(Collected data)
□ □ □

(* Let $(l,k,b)$ be a suspension triplet for $(X_A,\sigma_A)$ and $c=l-k$. For $(x,r),(x',r')\in X^{\mathbb R}_{A,b}$ we have $(x,r)\sim_{l,k}(x',r')$ if and only if there exist $n,n'\in\mathbb Z_+$ such that $\sigma_A^n(x)=\sigma_A^{n'}(x')$, $r-c^n(x)=r'-c^{n'}(x')$, and $r-c^m(x)\ge l(\sigma_A^m(x))$ for all $0\le m<n$ and $r'-c^{m'}(x')\ge l(\sigma_A^{m'}(x'))$ for all $0\le m'<n'$.
   Context: Let $N>1$ and $A=[A(i,j)]_{i,j=1}^N$ an irreducible $\{0,1\}$-matrix which is not a permutation matrix. $X_A$ is the compact space of sequences $(x_n)_{n\in\mathbb N}$ with $x_n\in\{1,\dots,N\}$ and $A(x_n,x_{n+1})=1$ for all $n$; $\sigma_A((x_n)_n)=(x_{n+1})_n$. $\mathbb Z_+$, $\mathbb R_+$ denote nonnegative integers/reals. For a function $f$ on $X_A$ and $m\in\mathbb Z_+$, $f^m(x)=\sum_{i=0}^{m-1}f(\sigma_A^i(x))$ (so $f^0=0$). $H^A$ is the quotient of $C(X_A,\mathbb Z)$ by $\{u-u\circ\sigma_A\}$, $H^A_+$ the classes of $\mathbb Z_+$-valued continuous functions; $[f]\in H^A_+$ is an order unit if for every $[u]\in H^A$ some $n\in\mathbb N$ has $n[f]-[u]\in H^A_+$. A suspension triplet is $(l,k,b)$ with $l,k\in C(X_A,\mathbb R_+)$, $b\in C(X_A,\mathbb R)$ such that $c=l-k$ is integer-valued with $[c]$ an order unit, and $l-b$, $k-b\circ\sigma_A$ take values in $\mathbb Z_+$. $X^{\mathbb R}_{A,b}=\{(x,r)\in X_A\times\mathbb R: r\ge b(x)\}$ and $\sim_{l,k}$ is the equivalence relation on $X^{\mathbb R}_{A,b}$ generated by $(x,r)\sim_{l,k}(\sigma_A(x),r-c(x))$ whenever $r\ge l(x)$. *)

theory Defs
  imports "HOL-Analysis.Analysis"
begin

text \<open>Matrices are N x N {0,1}-matrices indexed by {1..N}, represented as nat => nat => nat.
Points of X_A are sequences nat => nat; the space nat => nat carries the product
topology of discrete nat (instance from Function_Topology), so X_A gets the subspace topology.\<close>

fun mpow :: "nat \<Rightarrow> (nat \<Rightarrow> nat \<Rightarrow> nat) \<Rightarrow> nat \<Rightarrow> nat \<Rightarrow> nat \<Rightarrow> nat" where
  "mpow N A 0 i j = (if i = j then 1 else 0)"
| "mpow N A (Suc m) i j = (\<Sum>t\<in>{1..N}. mpow N A m i t * A t j)"

definition zero_one_matrix :: "nat \<Rightarrow> (nat \<Rightarrow> nat \<Rightarrow> nat) \<Rightarrow> bool" where
  "zero_one_matrix N A \<longleftrightarrow> (\<forall>i\<in>{1..N}. \<forall>j\<in>{1..N}. A i j \<in> {0, 1})"

definition irreducible_matrix :: "nat \<Rightarrow> (nat \<Rightarrow> nat \<Rightarrow> nat) \<Rightarrow> bool" where
  "irreducible_matrix N A \<longleftrightarrow>
     (\<forall>i\<in>{1..N}. \<forall>j\<in>{1..N}. \<exists>m>0. mpow N A m i j > 0)"

definition permutation_matrix :: "nat \<Rightarrow> (nat \<Rightarrow> nat \<Rightarrow> nat) \<Rightarrow> bool" where
  "permutation_matrix N A \<longleftrightarrow>
     (\<exists>\<pi>. bij_betw \<pi> {1..N} {1..N} \<and>
        (\<forall>i\<in>{1..N}. \<forall>j\<in>{1..N}. A i j = (if j = \<pi> i then 1 else 0)))"

definition XA :: "nat \<Rightarrow> (nat \<Rightarrow> nat \<Rightarrow> nat) \<Rightarrow> (nat \<Rightarrow> nat) set" where
  "XA N A = {x. \<forall>n. x n \<in> {1..N} \<and> A (x n) (x (Suc n)) = 1}"

definition sigmaA :: "(nat \<Rightarrow> nat) \<Rightarrow> (nat \<Rightarrow> nat)" where
  "sigmaA x = (\<lambda>n. x (Suc n))"

definition birk :: "((nat \<Rightarrow> nat) \<Rightarrow> 'a::comm_monoid_add) \<Rightarrow> nat \<Rightarrow> (nat \<Rightarrow> nat) \<Rightarrow> 'a" where
  "birk f m x = (\<Sum>i<m. f ((sigmaA ^^ i) x))"

definition CZ :: "nat \<Rightarrow> (nat \<Rightarrow> nat \<Rightarrow> nat) \<Rightarrow> ((nat \<Rightarrow> nat) \<Rightarrow> int) set" where
  "CZ N A = {f. continuous_on (XA N A) f}"

text \<open>[f] in H^A_+ : f is cohomologous (mod coboundaries u - u o sigma, u in C(X_A,Z))
  to a Z_+-valued continuous function.\<close>
definition HA_pos :: "nat \<Rightarrow> (nat \<Rightarrow> nat \<Rightarrow> nat) \<Rightarrow> ((nat \<Rightarrow> nat) \<Rightarrow> int) \<Rightarrow> bool" where
  "HA_pos N A f \<longleftrightarrow>
     (\<exists>g\<in>CZ N A. \<exists>u\<in>CZ N A. (\<forall>x\<in>XA N A. g x \<ge> 0 \<and> f x = g x + (u x - u (sigmaA x))))"

definition order_unit :: "nat \<Rightarrow> (nat \<Rightarrow> nat \<Rightarrow> nat) \<Rightarrow> ((nat \<Rightarrow> nat) \<Rightarrow> int) \<Rightarrow> bool" where
  "order_unit N A f \<longleftrightarrow>
     f \<in> CZ N A \<and> HA_pos N A f \<and>
     (\<forall>u\<in>CZ N A. \<exists>n::nat. n \<ge> 1 \<and> HA_pos N A (\<lambda>x. int n * f x - u x))"

definition suspension_triplet ::
  "nat \<Rightarrow> (nat \<Rightarrow> nat \<Rightarrow> nat) \<Rightarrow> ((nat \<Rightarrow> nat) \<Rightarrow> real) \<Rightarrow> ((nat \<Rightarrow> nat) \<Rightarrow> real)
     \<Rightarrow> ((nat \<Rightarrow> nat) \<Rightarrow> real) \<Rightarrow> bool" where
  "suspension_triplet N A l k b \<longleftrightarrow>
     continuous_on (XA N A) l \<and> continuous_on (XA N A) k \<and> continuous_on (XA N A) b \<and>
     (\<forall>x\<in>XA N A. l x \<ge> 0 \<and> k x \<ge> 0) \<and>
     (\<exists>c::(nat \<Rightarrow> nat) \<Rightarrow> int. (\<forall>x\<in>XA N A. real_of_int (c x) = l x - k x) \<and> order_unit N A c) \<and>
     (\<forall>x\<in>XA N A. l x - b x \<in> \<nat>) \<and>
     (\<forall>x\<in>XA N A. k x - b (sigmaA x) \<in> \<nat>)"

definition XAR :: "nat \<Rightarrow> (nat \<Rightarrow> nat \<Rightarrow> nat) \<Rightarrow> ((nat \<Rightarrow> nat) \<Rightarrow> real) \<Rightarrow> ((nat \<Rightarrow> nat) \<times> real) set" where
  "XAR N A b = {(x, r). x \<in> XA N A \<and> r \<ge> b x}"

definition susp_step ::
  "nat \<Rightarrow> (nat \<Rightarrow> nat \<Rightarrow> nat) \<Rightarrow> ((nat \<Rightarrow> nat) \<Rightarrow> real) \<Rightarrow> ((nat \<Rightarrow> nat) \<Rightarrow> real)
     \<Rightarrow> ((nat \<Rightarrow> nat) \<Rightarrow> real) \<Rightarrow> (((nat \<Rightarrow> nat) \<times> real) \<times> ((nat \<Rightarrow> nat) \<times> real)) set" where
  "susp_step N A l k b = {((x, r), (sigmaA x, r - (l x - k x))) | x r. (x, r) \<in> XAR N A b \<and> r \<ge> l x}"

definition susp_equiv ::
  "nat \<Rightarrow> (nat \<Rightarrow> nat \<Rightarrow> nat) \<Rightarrow> ((nat \<Rightarrow> nat) \<Rightarrow> real) \<Rightarrow> ((nat \<Rightarrow> nat) \<Rightarrow> real)
     \<Rightarrow> ((nat \<Rightarrow> nat) \<Rightarrow> real) \<Rightarrow> (((nat \<Rightarrow> nat) \<times> real) \<times> ((nat \<Rightarrow> nat) \<times> real)) set" where
  "susp_equiv N A l k b =
     \<Inter>{E. equiv (XAR N A b) E \<and> susp_step N A l k b \<subseteq> E}"

end

theory Submission
  imports Defs
begin

text \<open>The relation \<open>\<sim>\<^sub>l\<^sub>,\<^sub>k\<close> is the equivalence relation generated by a partial map:
  \<open>(x, r) \<mapsto> (\<sigma>\<^sub>A x, r - c x)\<close>, defined where \<open>r \<ge> l x\<close>. For any partial map \<open>g\<close> with domain \<open>D\<close>
  that preserves the ambient set, the generated equivalence relation identifies two points
  exactly when their admissible forward orbits meet: this relation contains the steps,
  is contained in every equivalence relation containing them, and is itself transitive
  because two admissible orbits through a common point can be prolonged along the
  longer of the two.\<close>

definition admissible :: "('a \<Rightarrow> 'a) \<Rightarrow> ('a \<Rightarrow> bool) \<Rightarrow> nat \<Rightarrow> 'a \<Rightarrow> bool" where
  "admissible g D n p \<longleftrightarrow> (\<forall>m<n. D ((g ^^ m) p))"

definition orbits_meet :: "('a \<Rightarrow> 'a) \<Rightarrow> ('a \<Rightarrow> bool) \<Rightarrow> 'a \<Rightarrow> 'a \<Rightarrow> bool" where
  "orbits_meet g D p q \<longleftrightarrow>
     (\<exists>n n'. (g ^^ n) p = (g ^^ n') q \<and> admissible g D n p \<and> admissible g D n' q)"

lemma admissible_add:
  "admissible g D (a + b) p \<longleftrightarrow> admissible g D a p \<and> admissible g D b ((g ^^ a) p)"
proof -
  have shift: "(g ^^ (a + j)) p = (g ^^ j) ((g ^^ a) p)" for j
    by (simp only: add.commute[of a j] funpow_add comp_apply)
  have "(\<forall>m<a + b. D ((g ^^ m) p)) \<longleftrightarrow> (\<forall>m<a. D ((g ^^ m) p)) \<and> (\<forall>j<b. D ((g ^^ (a + j)) p))"
    by (metis add_less_cancel_left le_add_diff_inverse not_less trans_less_add1)
  then show ?thesis
    unfolding admissible_def shift .
qed

lemma orbits_meet_refl: "orbits_meet g D p p"
  unfolding orbits_meet_def admissible_def by blast

lemma orbits_meet_sym: "orbits_meet g D p q \<Longrightarrow> orbits_meet g D q p"
  unfolding orbits_meet_def by metis

lemma orbits_meet_prolong:
  assumes meet: "(g ^^ n1) p = (g ^^ n2) q"
    and p: "admissible g D n1 p" and q: "admissible g D (n2 + j) q"
  shows "(g ^^ (n1 + j)) p = (g ^^ (n2 + j)) q \<and> admissible g D (n1 + j) p"
proof -
  have "(g ^^ (n1 + j)) p = (g ^^ (n2 + j)) q"
    using meet by (simp add: funpow_add add.commute)
  moreover have "admissible g D j ((g ^^ n1) p)"
    using q meet by (simp add: admissible_add)
  ultimately show ?thesis
    using p by (simp add: admissible_add)
qed

lemma orbits_meet_trans:
  assumes "orbits_meet g D p q" and "orbits_meet g D q w"
  shows "orbits_meet g D p w"
proof -
  have one_sided: "orbits_meet g D p w"
    if pq: "(g ^^ n1) p = (g ^^ n2) q" "admissible g D n1 p"
      and qw: "(g ^^ n3) q = (g ^^ n4) w" "admissible g D n3 q" "admissible g D n4 w"
      and "n2 \<le> n3"
    for p q w n1 n2 n3 n4
  proof -
    obtain j where j: "n3 = n2 + j"
      using \<open>n2 \<le> n3\<close> le_Suc_ex by blast
    then show ?thesis
      using orbits_meet_prolong[OF pq, of j] qw unfolding orbits_meet_def by metis
  qed
  from assms obtain n1 n2 n3 n4 where
    "(g ^^ n1) p = (g ^^ n2) q" "admissible g D n1 p" "admissible g D n2 q"
    "(g ^^ n3) q = (g ^^ n4) w" "admissible g D n3 q" "admissible g D n4 w"
    unfolding orbits_meet_def by blast
  then show ?thesis
    using one_sided[of n1 p n2 q n3 n4 w] one_sided[of n4 w n3 q n2 n1 p]
    by (metis nle_le orbits_meet_sym)
qed

lemma admissible_run_in_equiv:
  assumes equiv: "equiv X E"
    and step: "\<And>p. p \<in> X \<Longrightarrow> D p \<Longrightarrow> g p \<in> X \<and> (p, g p) \<in> E"
    and "p \<in> X" and "admissible g D n p"
  shows "(p, (g ^^ n) p) \<in> E \<and> (g ^^ n) p \<in> X"
  using assms(4)
proof (induction n)
  case 0
  then show ?case
    using equiv \<open>p \<in> X\<close> by (simp add: equiv_def refl_on_def)
next
  case (Suc n)
  then have IH: "(p, (g ^^ n) p) \<in> E" "(g ^^ n) p \<in> X" and "D ((g ^^ n) p)"
    by (simp_all add: admissible_def)
  then have "(g ^^ Suc n) p \<in> X" "((g ^^ n) p, (g ^^ Suc n) p) \<in> E"
    using step by auto
  then show ?case
    using IH equiv by (meson equivE transD)
qed

theorem generated_equiv_partial_map:
  assumes closed: "\<And>p. p \<in> X \<Longrightarrow> D p \<Longrightarrow> g p \<in> X"
  shows "\<Inter>{E. equiv X E \<and> {(p, g p) | p. p \<in> X \<and> D p} \<subseteq> E}
           = {(p, q). p \<in> X \<and> q \<in> X \<and> orbits_meet g D p q}"
    (is "\<Inter>?Es = ?M")
proof
  have "equiv X ?M"
    by (rule equivI) (auto intro: refl_onI symI transI orbits_meet_refl
        orbits_meet_sym orbits_meet_trans)
  moreover have "orbits_meet g D p (g p)" if "D p" for p
    unfolding orbits_meet_def admissible_def using that
    by (intro exI[of _ 1] exI[of _ 0]) simp
  ultimately have "?M \<in> ?Es"
    using closed by auto
  then show "\<Inter>?Es \<subseteq> ?M"
    by blast
next
  show "?M \<subseteq> \<Inter>?Es"
  proof (intro subsetI InterI)
    fix pq E
    assume "pq \<in> ?M" and "E \<in> ?Es"
    then have equiv: "equiv X E" and steps: "\<And>p. p \<in> X \<Longrightarrow> D p \<Longrightarrow> (p, g p) \<in> E"
      by auto
    from \<open>pq \<in> ?M\<close> obtain p q n n' where pq: "pq = (p, q)" "p \<in> X" "q \<in> X"
      and meet: "(g ^^ n) p = (g ^^ n') q" "admissible g D n p" "admissible g D n' q"
      unfolding orbits_meet_def by blast
    have "(p, (g ^^ n) p) \<in> E" "(q, (g ^^ n') q) \<in> E"
      using admissible_run_in_equiv[OF equiv] closed steps pq meet by blast+
    then show "pq \<in> E"
      using equiv meet(1) pq(1) by (metis equivE symD transD)
  qed
qed

definition susp_map ::
  "((nat \<Rightarrow> nat) \<Rightarrow> real) \<Rightarrow> ((nat \<Rightarrow> nat) \<Rightarrow> real) \<Rightarrow> (nat \<Rightarrow> nat) \<times> real \<Rightarrow> (nat \<Rightarrow> nat) \<times> real"
  where "susp_map l k p = (sigmaA (fst p), snd p - (l (fst p) - k (fst p)))"

lemma susp_map_funpow:
  "(susp_map l k ^^ m) (x, r) = ((sigmaA ^^ m) x, r - birk (\<lambda>y. l y - k y) m x)"
  by (induction m) (auto simp: susp_map_def birk_def)

lemma sigmaA_XA: "x \<in> XA N A \<Longrightarrow> sigmaA x \<in> XA N A"
  unfolding XA_def sigmaA_def by auto

lemma susp_step_eq:
  "susp_step N A l k b =
     {(p, susp_map l k p) | p. p \<in> XAR N A b \<and> snd p \<ge> l (fst p)}"
  unfolding susp_step_def susp_map_def by force

lemma susp_map_XAR:
  assumes "suspension_triplet N A l k b"
    and "p \<in> XAR N A b" and "snd p \<ge> l (fst p)"
  shows "susp_map l k p \<in> XAR N A b"
proof -
  obtain x r where p: "p = (x, r)" "x \<in> XA N A" "r \<ge> l x"
    using assms(2,3) unfolding XAR_def by auto
  have "k x - b (sigmaA x) \<in> \<nat>"
    using assms(1) p(2) unfolding suspension_triplet_def by blast
  then have "b (sigmaA x) \<le> k x"
    by (metis Nats_cases diff_ge_0_iff_ge of_nat_0_le_iff)
  then show ?thesis
    using p sigmaA_XA[OF p(2)] unfolding XAR_def susp_map_def by auto
qed

theorem lemma2p1:
  fixes N :: nat and A :: "nat \<Rightarrow> nat \<Rightarrow> nat"
    and l k b :: "(nat \<Rightarrow> nat) \<Rightarrow> real"
    and x x' :: "nat \<Rightarrow> nat" and r r' :: real
  assumes "N > 1"
    and "zero_one_matrix N A"
    and "irreducible_matrix N A"
    and "\<not> permutation_matrix N A"
    and "suspension_triplet N A l k b"
    and "(x, r) \<in> XAR N A b" and "(x', r') \<in> XAR N A b"
  shows "((x, r), (x', r')) \<in> susp_equiv N A l k b \<longleftrightarrow>
    (\<exists>n n' :: nat.
       (sigmaA ^^ n) x = (sigmaA ^^ n') x' \<and>
       r - birk (\<lambda>y. l y - k y) n x = r' - birk (\<lambda>y. l y - k y) n' x' \<and>
       (\<forall>m<n. r - birk (\<lambda>y. l y - k y) m x \<ge> l ((sigmaA ^^ m) x)) \<and>
       (\<forall>m'<n'. r' - birk (\<lambda>y. l y - k y) m' x' \<ge> l ((sigmaA ^^ m') x')))"
proof -
  let ?D = "\<lambda>p :: (nat \<Rightarrow> nat) \<times> real. snd p \<ge> l (fst p)"
  have "susp_equiv N A l k b =
          {(p, q). p \<in> XAR N A b \<and> q \<in> XAR N A b \<and> orbits_meet (susp_map l k) ?D p q}"
    unfolding susp_equiv_def susp_step_eq
    by (rule generated_equiv_partial_map) (rule susp_map_XAR[OF assms(5)])
  then show ?thesis
    using assms(6,7) by (simp add: orbits_meet_def admissible_def susp_map_funpow)
qed

end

□ □ □

▸ **Exercise directions**
Start at the first line of the entries and stop at the line that contains "theory Defs". Repeat every line in that span exactly, and nothing beyond it.

▸ **Solved problem**
(* Let $(l,k,b)$ be a suspension triplet for $(X_A,\sigma_A)$ and $c=l-k$. For $(x,r),(x',r')\in X^{\mathbb R}_{A,b}$ we have $(x,r)\sim_{l,k}(x',r')$ if and only if there exist $n,n'\in\mathbb Z_+$ such that $\sigma_A^n(x)=\sigma_A^{n'}(x')$, $r-c^n(x)=r'-c^{n'}(x')$, and $r-c^m(x)\ge l(\sigma_A^m(x))$ for all $0\le m<n$ and $r'-c^{m'}(x')\ge l(\sigma_A^{m'}(x'))$ for all $0\le m'<n'$.
   Context: Let $N>1$ and $A=[A(i,j)]_{i,j=1}^N$ an irreducible $\{0,1\}$-matrix which is not a permutation matrix. $X_A$ is the compact space of sequences $(x_n)_{n\in\mathbb N}$ with $x_n\in\{1,\dots,N\}$ and $A(x_n,x_{n+1})=1$ for all $n$; $\sigma_A((x_n)_n)=(x_{n+1})_n$. $\mathbb Z_+$, $\mathbb R_+$ denote nonnegative integers/reals. For a function $f$ on $X_A$ and $m\in\mathbb Z_+$, $f^m(x)=\sum_{i=0}^{m-1}f(\sigma_A^i(x))$ (so $f^0=0$). $H^A$ is the quotient of $C(X_A,\mathbb Z)$ by $\{u-u\circ\sigma_A\}$, $H^A_+$ the classes of $\mathbb Z_+$-valued continuous functions; $[f]\in H^A_+$ is an order unit if for every $[u]\in H^A$ some $n\in\mathbb N$ has $n[f]-[u]\in H^A_+$. A suspension triplet is $(l,k,b)$ with $l,k\in C(X_A,\mathbb R_+)$, $b\in C(X_A,\mathbb R)$ such that $c=l-k$ is integer-valued with $[c]$ an order unit, and $l-b$, $k-b\circ\sigma_A$ take values in $\mathbb Z_+$. $X^{\mathbb R}_{A,b}=\{(x,r)\in X_A\times\mathbb R: r\ge b(x)\}$ and $\sim_{l,k}$ is the equivalence relation on $X^{\mathbb R}_{A,b}$ generated by $(x,r)\sim_{l,k}(\sigma_A(x),r-c(x))$ whenever $r\ge l(x)$. *)

theory Defs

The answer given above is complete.